2. Het geding in cassatie
Tegen het arrest van het hof heeft UvA beroep in cassatie ingesteld. De cassatiedagvaarding is aan dit arrest gehecht en maakt daarvan deel uit.
[Verweerder] heeft geconcludeerd tot referte.
De zaak is voor partijen toegelicht door hun advocaten.
De conclusie van de Advocaat-Generaal L. Strikwerda strekt tot vernietiging van het bestreden arrest van het gerechtshof te Amsterdam en tot verwijzing van de zaak naar een ander gerechtshof ter verdere behandeling en beslissing.
3. Beoordeling van het middel
3.1 De vordering van [verweerder] strekt tot schadevergoeding, op te maken bij staat. [Verweerder] heeft UvA aansprakelijk gesteld voor schade die hij stelt te hebben geleden als gevolg van de volgens hem door zijn werk bij UvA ontstane arbeidsongeschiktheid en het daarop volgende ontslag uit vaste dienst. UvA heeft de vordering gemotiveerd bestreden, onder meer met een beroep op verjaring. Zij heeft met name ook de haar verweten onrechtmatige gedragingen en het causaal verband met de gestelde schade betwist. De rechtbank heeft het beroep op verjaring aanvaard, doch het hof heeft het desbetreffende vonnis vernietigd en UvA veroordeeld tot vergoeding van schade op te maken bij staat.
3.2 Het middel voert terecht aan dat de verwijzing naar de schadestaat pas mogelijk was nadat het hof de verweren van UvA met betrekking tot de onrechtmatigheid van haar gedragingen had behandeld. Na het slagen van de grief met betrekking tot de verjaring, diende het hof als gevolg van de devolutieve werking van het hoger beroep de door UvA niet prijsgegeven verweren in zijn beoordeling van de vordering van [verweerder] te betrekken. Nu het hof dit heeft nagelaten, getuigt zijn oordeel van een onjuiste rechtsopvatting.

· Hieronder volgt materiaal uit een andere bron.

(* Let $F$ satisfy the structure condition (S) with constants $0<\lambda\le\Lambda$ and bounded continuous $b\ge0$, $c\le0$, and $F(x,t,0,0,0)=0$. Let $u$ be a continuous viscosity subsolution (resp. supersolution) of $F(x,t,u,Du,D^2u)-\partial_tu=0$ in the cylinder $\mathbb{Q}^{t_1,t_2}_{x_0,R}$ and on its upper base $Q^{t_2}_{x_0,R}$. If $u$ attains its maximum (resp. minimum) $M$ over $\mathbb{Q}^{t_1,t_2}_{x_0,R}\cup Q^{t_2}_{x_0,R}$ at the point $(x_0,t_2)$ and $M\ge0$ (resp. $M\le 0$), then $u(x_0,t)=M$ for all $t\in(t_1,t_2)$.
   Context: Structure condition (S): for all $(x,t)$ in the domain, $r,s\in\mathbb{R}$, $p,q\in\mathbb{R}^n$, $M,N\in\mathcal{S}_n$ (symmetric $n\times n$ matrices) with $N\ge 0$, $$\lambda\,\mathrm{Tr}(N)-b(x,t)|p-q|+c(x,t)(r-s)\le F(x,t,r,p,M+N)-F(x,t,s,q,M)\le \Lambda\,\mathrm{Tr}(N)+b(x,t)|p-q|+c(x,t)(r-s).$$ $\mathbb{Q}^{t_1,t_2}_{x_0,R}=\{(x,t):|x-x_0|<R,\ t_1<t<t_2\}$ and $Q^{t_2}_{x_0,R}=\{(x,t_2):|x-x_0|<R\}$ is its upper base. Being a viscosity subsolution on the upper base means the viscosity inequality holds at points with $t=t_2$, tested from the past. *)

theory Defs
  imports "HOL-Analysis.Analysis"
begin

type_synonym 'n nonlin =
  "real^'n \<Rightarrow> real \<Rightarrow> real \<Rightarrow> real^'n \<Rightarrow> real^'n^'n \<Rightarrow> real"

definition sym_mat :: "real^'n^'n \<Rightarrow> bool" where
  "sym_mat A \<longleftrightarrow> transpose A = A"

definition psd_mat :: "real^'n^'n \<Rightarrow> bool" where
  "psd_mat A \<longleftrightarrow> (\<forall>v. 0 \<le> v \<bullet> (A *v v))"

definition structure_S ::
  "('n::finite) nonlin \<Rightarrow> real \<Rightarrow> real \<Rightarrow> (real^'n \<Rightarrow> real \<Rightarrow> real)
     \<Rightarrow> (real^'n \<Rightarrow> real \<Rightarrow> real) \<Rightarrow> ((real^'n) \<times> real) set \<Rightarrow> bool" where
  "structure_S F lam Lam b c D \<longleftrightarrow>
    (\<forall>x t r s p q M N. (x,t) \<in> D \<longrightarrow> sym_mat M \<longrightarrow> sym_mat N \<longrightarrow> psd_mat N \<longrightarrow>
       lam * trace N - b x t * norm (p - q) + c x t * (r - s)
         \<le> F x t r p (M + N) - F x t s q M
     \<and> F x t r p (M + N) - F x t s q M
         \<le> Lam * trace N + b x t * norm (p - q) + c x t * (r - s))"

definition cyl :: "real^'n \<Rightarrow> real \<Rightarrow> real \<Rightarrow> real \<Rightarrow> ((real^'n) \<times> real) set" where
  "cyl x0 R t1 t2 = {(x,t). dist x x0 < R \<and> t1 < t \<and> t < t2}"

definition upper_base :: "real^'n \<Rightarrow> real \<Rightarrow> real \<Rightarrow> ((real^'n) \<times> real) set" where
  "upper_base x0 R t2 = {(x,t). dist x x0 < R \<and> t = t2}"

definition test_fun ::
  "(real^'n \<Rightarrow> real \<Rightarrow> real) \<Rightarrow> (real^'n \<Rightarrow> real \<Rightarrow> real^'n)
     \<Rightarrow> (real^'n \<Rightarrow> real \<Rightarrow> real^'n^'n) \<Rightarrow> (real^'n \<Rightarrow> real \<Rightarrow> real) \<Rightarrow> bool" where
  "test_fun phi Dphi D2phi phit \<longleftrightarrow>
     continuous_on UNIV (\<lambda>(x,t). Dphi x t) \<and>
     continuous_on UNIV (\<lambda>(x,t). D2phi x t) \<and>
     continuous_on UNIV (\<lambda>(x,t). phit x t) \<and>
     (\<forall>x t. ((\<lambda>y. phi y t) has_derivative (\<lambda>h. Dphi x t \<bullet> h)) (at x)) \<and>
     (\<forall>x t. ((\<lambda>y. Dphi y t) has_derivative (\<lambda>h. D2phi x t *v h)) (at x)) \<and>
     (\<forall>x t. ((\<lambda>s. phi x s) has_real_derivative phit x t) (at t))"

text \<open>u - phi has a local maximum (minimum) at (x,t) relative to D.  For points
  of the upper base this means that only points from the past are compared.\<close>
definition loc_max_rel ::
  "((real^'n) \<times> real) set \<Rightarrow> (real^'n \<Rightarrow> real \<Rightarrow> real) \<Rightarrow> real^'n \<Rightarrow> real \<Rightarrow> bool" where
  "loc_max_rel D w x t \<longleftrightarrow> (\<exists>e>0. \<forall>y s. (y,s) \<in> D \<longrightarrow> dist y x < e \<longrightarrow> \<bar>s - t\<bar> < e
      \<longrightarrow> w y s \<le> w x t)"

definition loc_min_rel ::
  "((real^'n) \<times> real) set \<Rightarrow> (real^'n \<Rightarrow> real \<Rightarrow> real) \<Rightarrow> real^'n \<Rightarrow> real \<Rightarrow> bool" where
  "loc_min_rel D w x t \<longleftrightarrow> (\<exists>e>0. \<forall>y s. (y,s) \<in> D \<longrightarrow> dist y x < e \<longrightarrow> \<bar>s - t\<bar> < e
      \<longrightarrow> w x t \<le> w y s)"

definition visc_sub ::
  "('n::finite) nonlin \<Rightarrow> ((real^'n) \<times> real) set \<Rightarrow> (real^'n \<Rightarrow> real \<Rightarrow> real) \<Rightarrow> bool" where
  "visc_sub F D u \<longleftrightarrow>
    (\<forall>x t phi Dphi D2phi phit. (x,t) \<in> D \<longrightarrow> test_fun phi Dphi D2phi phit \<longrightarrow>
       loc_max_rel D (\<lambda>y s. u y s - phi y s) x t \<longrightarrow>
       F x t (u x t) (Dphi x t) (D2phi x t) - phit x t \<ge> 0)"

definition visc_super ::
  "('n::finite) nonlin \<Rightarrow> ((real^'n) \<times> real) set \<Rightarrow> (real^'n \<Rightarrow> real \<Rightarrow> real) \<Rightarrow> bool" where
  "visc_super F D u \<longleftrightarrow>
    (\<forall>x t phi Dphi D2phi phit. (x,t) \<in> D \<longrightarrow> test_fun phi Dphi D2phi phit \<longrightarrow>
       loc_min_rel D (\<lambda>y s. u y s - phi y s) x t \<longrightarrow>
       F x t (u x t) (Dphi x t) (D2phi x t) - phit x t \<le> 0)"

end

theory Submission
  imports Defs
begin

text \<open>Suppose u(x0,t) < M for some t1 < t < t2. By continuity u \<le> M - \<eta> on a small ball
  of radius r around x0 at time t. On the cylinder of radius r over [t,t2] compare u with
  the barrier
    \<phi>(x,s) = M - \<eta> e^{-\<beta>(s-t)} (e^{-\<alpha>|x-x0|^2} - e^{-\<alpha>r^2}),
  which equals M on the lateral boundary and is \<ge> M - \<eta> at time t. For large \<alpha> and
  then \<beta>, the structure condition makes \<phi> a strict classical supersolution wherever u > \<phi>,
  so u - \<phi> cannot have a positive maximum in the cylinder or on its top; hence u \<le> \<phi>.
  But \<phi>(x0,t2) < M = u(x0,t2). Supersolutions are reduced to subsolutions by
  u \<mapsto> -u, F(x,t,r,p,A) \<mapsto> -F(x,t,-r,-p,-A).\<close>

definition outer_prod :: "real^'n \<Rightarrow> real^'n^'n" where
  "outer_prod y = (\<chi> i j. y$i * y$j)"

Het middel treft dus doel.
3.3 Nu [verweerder] de bestreden beslissing van het hof niet heeft uitgelokt of verdedigd, zullen de kosten van het geding in cassatie worden gereserveerd.
4. Beslissing
De Hoge Raad:
vernietigt het arrest van het gerechtshof te Amsterdam van 15 november 2007;
verwijst het geding ter verdere behandeling en beslissing naar het gerechtshof te 's-Gravenhage; reserveert de beslissing omtrent de kosten van het geding in cassatie tot de einduitspraak;
begroot deze kosten tot op de uitspraak in cassatie aan de zijde van UvA op € 446,93 aan verschotten en € 2.600,-- voor salaris, en aan de zijde van [verweerder] op € 348,38 aan verschotten en € 2.200,-- voor salaris.
Dit arrest is gewezen door de vice-president J.B. Fleers als voorzitter en de raadsheren E.J. Numann, A. Hammerstein, F.B. Bakels en W.D.H. Asser, en in het openbaar uitgesproken door de raadsheer E.J. Numann op 30 januari 2009.